Show that the function $f: \mathbb{N} \to \mathbb{N}$ given by $f(n) = n + 2$ isn't onto (surjective)
Any advice on what to do here would be much appreciated!
This has been taken from a past college exam paper and as far as I know, we don't include 0 as a natural number
On
Just check it by definition. A function $g$ from a set $X$ to a set $Y$ is called onto (or surjective) if and only if for every $y \in Y$ there is some $x \in X$ such that $y = g(x)$. Now let $y := 1$. Then $y \in \mathbb{N}$, the codomain of $f$. But $n + 2 = y$ if and only if $n = y - 2 = -1$, which is not in the domain of $f$. So $f$ is not onto.
On
Intuitively:
$f(?)=1$
Precisely:
That $f: \mathbb N$ (domain) $\to \mathbb N$ (range) is surjective/onto means that $\forall a \in \mathbb N$ (referring to the range not the domain), $\exists n \in \mathbb N$ (referring to the domain not the range) s.t. $f(n)=a$.

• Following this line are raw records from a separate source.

text \<open>
  Counting a copy of \<open>S\<^sub>r\<close> by its centre and its set of \<open>k = r - 1\<close> leaves gives
  \<open>N(S\<^sub>r, G) \<le> \<Sum>\<^sub>v C(d(v), k)\<close>, and the star \<open>S\<^sub>n\<close>, which contains no \<open>C\<^sub>4\<close>, has exactly
  \<open>C(n - 1, k)\<close> copies of \<open>S\<^sub>r\<close>. In a \<open>C\<^sub>4\<close>-free graph two distinct vertices have at most one
  common neighbour. Let \<open>u\<close> have maximum degree \<open>D\<close>. If \<open>D = n - 1\<close>, every other vertex has
  degree at most 2. If \<open>D = n - 2\<close>, the unique non-neighbour \<open>w\<close> of \<open>u\<close> has degree at most 1
  and every other vertex of degree at least 3 is adjacent to \<open>w\<close>, so the sum is at most
  \<open>C(D, k) + C(D, k - 1) = C(n - 1, k)\<close>. These two cases need \<open>k \<ge> 3\<close>, i.e. \<open>r \<ge> 4\<close>.
  If \<open>D \<le> n - 3\<close>, the identity \<open>C(k, 2) C(d, k) = C(d, 2) C(d - 2, k - 2)\<close> and the fact that
  a pair of vertices lies in at most one neighbourhood give
  \<open>C(k, 2) \<Sum>\<^sub>v C(d(v), k) \<le> C(n - 5, k - 2) C(n, 2) \<le> C(n - 1, 2) C(n - 3, k - 2) = C(k, 2) C(n - 1, k)\<close>.
\<close>

section \<open>Binomial coefficient inequalities\<close>

lemma choose_Suc_le_mult: "m choose Suc i \<le> m * (m choose i)"
proof -
  have "m choose Suc i \<le> Suc i * (m choose Suc i)" by simp
  also have "\<dots> = m * ((m - 1) choose i)" by (rule binomial_absorption)
  also have "\<dots> \<le> m * (m choose i)" by (intro mult_le_mono2 binomial_right_mono) simp
  finally show ?thesis .
qed

lemma mult_choose_le_mult_choose_add_2:
  assumes "1 \<le> j"
  shows "(m + 5) * (m choose j) \<le> (m + 3) * ((m + 2) choose j)"
proof -
  obtain i where j: "j = Suc i" using assms by (cases j) auto
  have pascal: "2 * (m choose i) + (m choose Suc i) \<le> (m + 2) choose Suc i"
    by (cases i) auto
  have "(m + 5) * (m choose Suc i) = (m + 3) * (m choose Suc i) + 2 * (m choose Suc i)"
    by (simp add: algebra_simps)
  also have "\<dots> \<le> (m + 3) * (m choose Suc i) + (m + 3) * (2 * (m choose i))"
    using le_trans[OF choose_Suc_le_mult mult_le_mono1[of m "m + 3"]] by simp
  also have "\<dots> \<le> (m + 3) * ((m + 2) choose Suc i)"
    using pascal by (simp flip: add_mult_distrib2)
  finally show ?thesis unfolding j .
qed

lemma two_mult_choose_two: "2 * (n choose 2) = n * (n - 1)"
  using binomial_absorption[of 1 n] by (simp add: numeral_2_eq_2)

lemma choose_diff_5_mult_choose_2_le:
  assumes "1 \<le> j"
  shows "((n - 5) choose j) * (n choose 2) \<le> ((n - 1) choose 2) * ((n - 3) choose j)"
proof (cases "n < 5")
  case True
  then show ?thesis using assms by (cases j) simp_all
next
  case False
  then obtain m where n: "n = m + 5" by (metis add.commute le_Suc_ex not_less)
  have twice: "2 * (n choose 2) = (m + 5) * (m + 4)" "2 * ((n - 1) choose 2) = (m + 4) * (m + 3)"
    using two_mult_choose_two[of n] two_mult_choose_two[of "n - 1"] by (simp_all add: n add.commute)
  have "2 * (((n - 5) choose j) * (n choose 2)) = (m + 4) * ((m + 5) * (m choose j))"
    unfolding mult.left_commute[of 2] twice by (simp add: n)
  also have "\<dots> \<le> (m + 4) * ((m + 3) * ((m + 2) choose j))"
    using mult_choose_le_mult_choose_add_2[OF assms] by simp
  also have "\<dots> = 2 * (((n - 3) choose j) * ((n - 1) choose 2))"
    unfolding mult.left_commute[of 2] twice by (simp add: n)
  finally show ?thesis by (simp add: mult.commute)
qed

lemma choose_two_mult_choose:
  assumes "2 \<le> k"
  shows "(k choose 2) * (d choose k) = (d choose 2) * ((d - 2) choose (k - 2))"
proof (cases "k \<le> d")
  case True
  then show ?thesis using choose_mult[of 2 k d] assms by (simp add: mult.commute)
next
  case False
  then show ?thesis using assms by (cases "d < 2") (auto simp: binomial_eq_0)
qed

section \<open>Degree sums in graphs without 4-cycles\<close>

locale c4_free_neighbourhoods =
  fixes V :: "'a set" and N :: "'a \<Rightarrow> 'a set"
  assumes finite_V: "finite V"
    and N_subset: "v \<in> V \<Longrightarrow> N v \<subseteq> V"
    and not_in_N: "v \<in> V \<Longrightarrow> v \<notin> N v"
    and N_sym: "v \<in> V \<Longrightarrow> w \<in> N v \<Longrightarrow> v \<in> N w"
    and card_common_N_le_1: "a \<in> V \<Longrightarrow> b \<in> V \<Longrightarrow> a \<noteq> b \<Longrightarrow> card (N a \<inter> N b) \<le> 1"
begin

lemma finite_N: "v \<in> V \<Longrightarrow> finite (N v)"
  using N_subset finite_V finite_subset by blast

lemma card_N_le_Suc_card_Diff:
  assumes "u \<in> V" "v \<in> V" "v \<noteq> u"
  shows "card (N v) \<le> Suc (card (N v - N u))"
  using card_Int_Diff[OF finite_N[OF assms(2)], of "N u"] card_common_N_le_1[of v u] assms
  by simp

lemma sum_choose_card_N_2_le: "(\<Sum>v\<in>V. card (N v) choose 2) \<le> card V choose 2"
proof -
  let ?P = "SIGMA v:V. {T. T \<subseteq> N v \<and> card T = 2}"
  have "(\<Sum>v\<in>V. card (N v) choose 2) = (\<Sum>v\<in>V. card {T. T \<subseteq> N v \<and> card T = 2})"
    using finite_N by (intro sum.cong refl n_subsets[symmetric]) auto
  also have "\<dots> = card ?P"
    using finite_V finite_N by (subst card_SigmaI) auto
  also have "\<dots> = card (snd ` ?P)"
  proof (intro card_image[symmetric] inj_onI)
    fix x y assume "x \<in> ?P" "y \<in> ?P" "snd x = snd y"
    then obtain a b T where ab: "x = (a, T)" "y = (b, T)" "a \<in> V" "b \<in> V"
      and T: "T \<subseteq> N a \<inter> N b" "card T = 2"
      by (cases x, cases y) auto
    have "a = b"
    proof (rule ccontr)
      assume "a \<noteq> b"
      then have "card (N a \<inter> N b) \<le> 1" using card_common_N_le_1 ab by simp
      moreover have "card T \<le> card (N a \<inter> N b)"
        using T finite_N ab by (intro card_mono) auto
      ultimately show False using T by simp
    qed
    then show "x = y" using ab by simp
  qed
  also have "\<dots> \<le> card {T. T \<subseteq> V \<and> card T = 2}"
    using finite_V N_subset by (intro card_mono) fastforce+
  also have "\<dots> = card V choose 2" using finite_V by (rule n_subsets)
  finally show ?thesis .
qed

lemma sum_choose_card_N_le_if_degrees_le:
  assumes k: "3 \<le> k" and small: "\<And>v. v \<in> V \<Longrightarrow> card (N v) + 3 \<le> card V"
  shows "(\<Sum>v\<in>V. card (N v) choose k) \<le> (card V - 1) choose k"
proof -
  let ?n = "card V"
  have "(k choose 2) * (\<Sum>v\<in>V. card (N v) choose k)
      = (\<Sum>v\<in>V. (card (N v) choose 2) * ((card (N v) - 2) choose (k - 2)))"
    using k by (simp add: sum_distrib_left choose_two_mult_choose)
  also have "\<dots> \<le> (\<Sum>v\<in>V. (card (N v) choose 2) * ((?n - 5) choose (k - 2)))"
    using small by (intro sum_mono mult_le_mono2 binomial_right_mono) fastforce
  also have "\<dots> = ((?n - 5) choose (k - 2)) * (\<Sum>v\<in>V. card (N v) choose 2)"
    unfolding sum_distrib_left by (simp add: mult.commute)
  also have "\<dots> \<le> ((?n - 5) choose (k - 2)) * (?n choose 2)"
    using sum_choose_card_N_2_le by simp
  also have "\<dots> \<le> ((?n - 1) choose 2) * ((?n - 3) choose (k - 2))"
    using k by (intro choose_diff_5_mult_choose_2_le) simp
  also have "\<dots> = (k choose 2) * ((?n - 1) choose k)"
    using choose_two_mult_choose[of k "?n - 1"] k by (simp add: numeral_eq_Suc)
  finally show ?thesis using k by (simp add: zero_less_binomial)
qed

lemma sum_choose_card_N_eq_0_if_dominating:
  assumes k: "3 \<le> k" and u: "u \<in> V" "N u = V - {u}"
  shows "(\<Sum>v\<in>V - {u}. card (N v) choose k) = 0"
proof (intro sum.neutral ballI)
  fix v assume v: "v \<in> V - {u}"
  have "card (N v - N u) \<le> card {u}"
    using N_subset[of v] u v by (intro card_mono) auto
  then have "card (N v) \<le> 2" using card_N_le_Suc_card_Diff[OF u(1), of v] v by auto
  then show "card (N v) choose k = 0" using k by simp
qed

lemma card_N_le_1_if_unique_non_neighbour:
  assumes u: "u \<in> V" and w: "V - {u} - N u = {w}"
  shows "card (N w) \<le> 1"
proof -
  have w': "w \<in> V" "w \<noteq> u" "w \<notin> N u" using w by auto
  have "N w \<subseteq> N u"
  proof
    fix x assume x: "x \<in> N w"
    have "x \<in> V" "x \<noteq> w" using N_subset not_in_N w' x by auto
    moreover have "x \<noteq> u" using N_sym[OF w'(1) x] w' by auto
    ultimately show "x \<in> N u" using w by blast
  qed
  then show ?thesis using card_common_N_le_1[of w u] u w' by (simp add: Int_absorb2)
qed

lemma sum_choose_card_N_le_1_if_unique_non_neighbour:
  assumes k: "3 \<le> k" and u: "u \<in> V" and w: "V - {u} - N u = {w}"
  shows "(\<Sum>v\<in>V - {u}. card (N v) choose k) \<le> 1"
proof -
  have summand_le: "card (N v) choose k \<le> (if v \<in> N w then 1 else 0)" if v: "v \<in> V - {u}" for v
  proof (cases "k \<le> card (N v)")
    case False
    then show ?thesis by (simp add: binomial_eq_0)
  next
    case True
    have v': "v \<in> V" "v \<noteq> u" using v by auto
    have "w \<in> N v"
    proof (rule ccontr)
      assume "w \<notin> N v"
      then have "card (N v - N u) \<le> card {u}"
        using N_subset[of v] v w by (intro card_mono) auto
      then show False using card_N_le_Suc_card_Diff[OF u v'] k True by simp
    qed
    have "card (N v - N u) \<le> card {u, w}"
      using N_subset[of v] v w by (intro card_mono) auto
    also have "\<dots> \<le> 2" by (simp add: card_insert_if)
    finally have "card (N v) = k" using card_N_le_Suc_card_Diff[OF u v'] k True by simp
    then show ?thesis using N_sym[of v w] \<open>w \<in> N v\<close> v by simp
  qed
  have "(\<Sum>v\<in>V - {u}. card (N v) choose k) \<le> (\<Sum>v\<in>V - {u}. if v \<in> N w then 1 else 0)"
    using summand_le by (rule sum_mono)
  also have "\<dots> = card ((V - {u}) \<inter> N w)"
    using finite_V by (simp add: sum.If_cases)
  also have "\<dots> \<le> card (N w)"
    using finite_N w by (intro card_mono) auto
  also have "\<dots> \<le> 1" using card_N_le_1_if_unique_non_neighbour[OF u w] .
  finally show ?thesis .
qed

lemma sum_choose_card_N_le:
  assumes k: "3 \<le> k"
  shows "(\<Sum>v\<in>V. card (N v) choose k) \<le> (card V - 1) choose k"
proof (cases "V = {}")
  case True
  then show ?thesis by simp
next
  case False
  define D where "D = Max ((\<lambda>v. card (N v)) ` V)"
  have "D \<in> (\<lambda>v. card (N v)) ` V" unfolding D_def using finite_V False by (intro Max_in) auto
  then obtain u where u: "u \<in> V" "card (N u) = D" by auto
  have D_max: "card (N v) \<le> D" if "v \<in> V" for v
    unfolding D_def using finite_V that by simp
  have N_u: "N u \<subseteq> V - {u}" using N_subset not_in_N u by auto
  have split: "(\<Sum>v\<in>V. card (N v) choose k) = (D choose k) + (\<Sum>v\<in>V - {u}. card (N v) choose k)"
    using sum.remove[OF finite_V u(1), of "\<lambda>v. card (N v) choose k"] u(2) by simp
  have card_V_minus_u: "card (V - {u}) = card V - 1" using finite_V u by simp
  then have "D \<le> card V - 1" using card_mono[OF _ N_u] finite_V u by simp
  moreover have "card V \<ge> 1" using finite_V False by (simp add: Suc_leI card_gt_0_iff)
  ultimately consider "D = card V - 1" | "D + 2 = card V" | "D + 3 \<le> card V" by linarith
  then show ?thesis
  proof cases
    case 1
    then have "N u = V - {u}"
      using card_subset_eq[OF _ N_u] finite_V u card_V_minus_u by simp
    then have "(\<Sum>v\<in>V - {u}. card (N v) choose k) = 0"
      using sum_choose_card_N_eq_0_if_dominating k u by blast
    then show ?thesis using split 1 by simp
  next
    case 2
    then have "card (V - {u} - N u) = 1"
      using card_Diff_subset[OF finite_N N_u] u card_V_minus_u by simp
    then obtain w where "V - {u} - N u = {w}" by (rule card_1_singletonE)
    then have rest_le_1: "(\<Sum>v\<in>V - {u}. card (N v) choose k) \<le> 1"
      using sum_choose_card_N_le_1_if_unique_non_neighbour k u by blast
    have "(\<Sum>v\<in>V - {u}. card (N v) choose k) \<le> D choose (k - 1)"
    proof (cases "k \<le> D")
      case True
      then show ?thesis using rest_le_1 zero_less_binomial[of "k - 1" D] by linarith
    next
      case False
      then have "card (N v) < k" if "v \<in> V" for v
        using D_max[OF that] by simp
      then have "(\<Sum>v\<in>V - {u}. card (N v) choose k) = 0"
        by (intro sum.neutral) (simp add: binomial_eq_0)
      then show ?thesis by simp
    qed
    moreover have "card V - 1 = Suc D" using 2 by simp
    moreover have "Suc D choose k = (D choose k) + (D choose (k - 1))" using k by (cases k) auto
    ultimately show ?thesis using split by simp
  next
    case 3
    then show ?thesis
      using sum_choose_card_N_le_if_degrees_le[OF k] D_max by (meson add_le_mono1 le_trans)
  qed
qed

So, let's come up with some $a$ s.t. no matter what $n$ you plug into $f$, you'll never get $a$! Let's try $a=1$.
Pf that $f$ is not surjective onto:
We first claim:
$$\nexists n \in \mathbb N: f(n)=1$$
Pf claim: Suppose on the contrary that
$$\exists n \in \mathbb N: f(n)=1$$
Then
$$\exists n \in \mathbb N: n+2=1 \iff n=-1 \notin \mathbb N ↯ \text{QED claim}$$
$\therefore, \exists a \in \mathbb N: \nexists n \in \mathbb N$ s.t. $f(n) = a$. By the claim, this is $a=1$. $\therefore,$ f is not surjective/onto. QED
Hint: Can you find a preimage of $1$ by your function?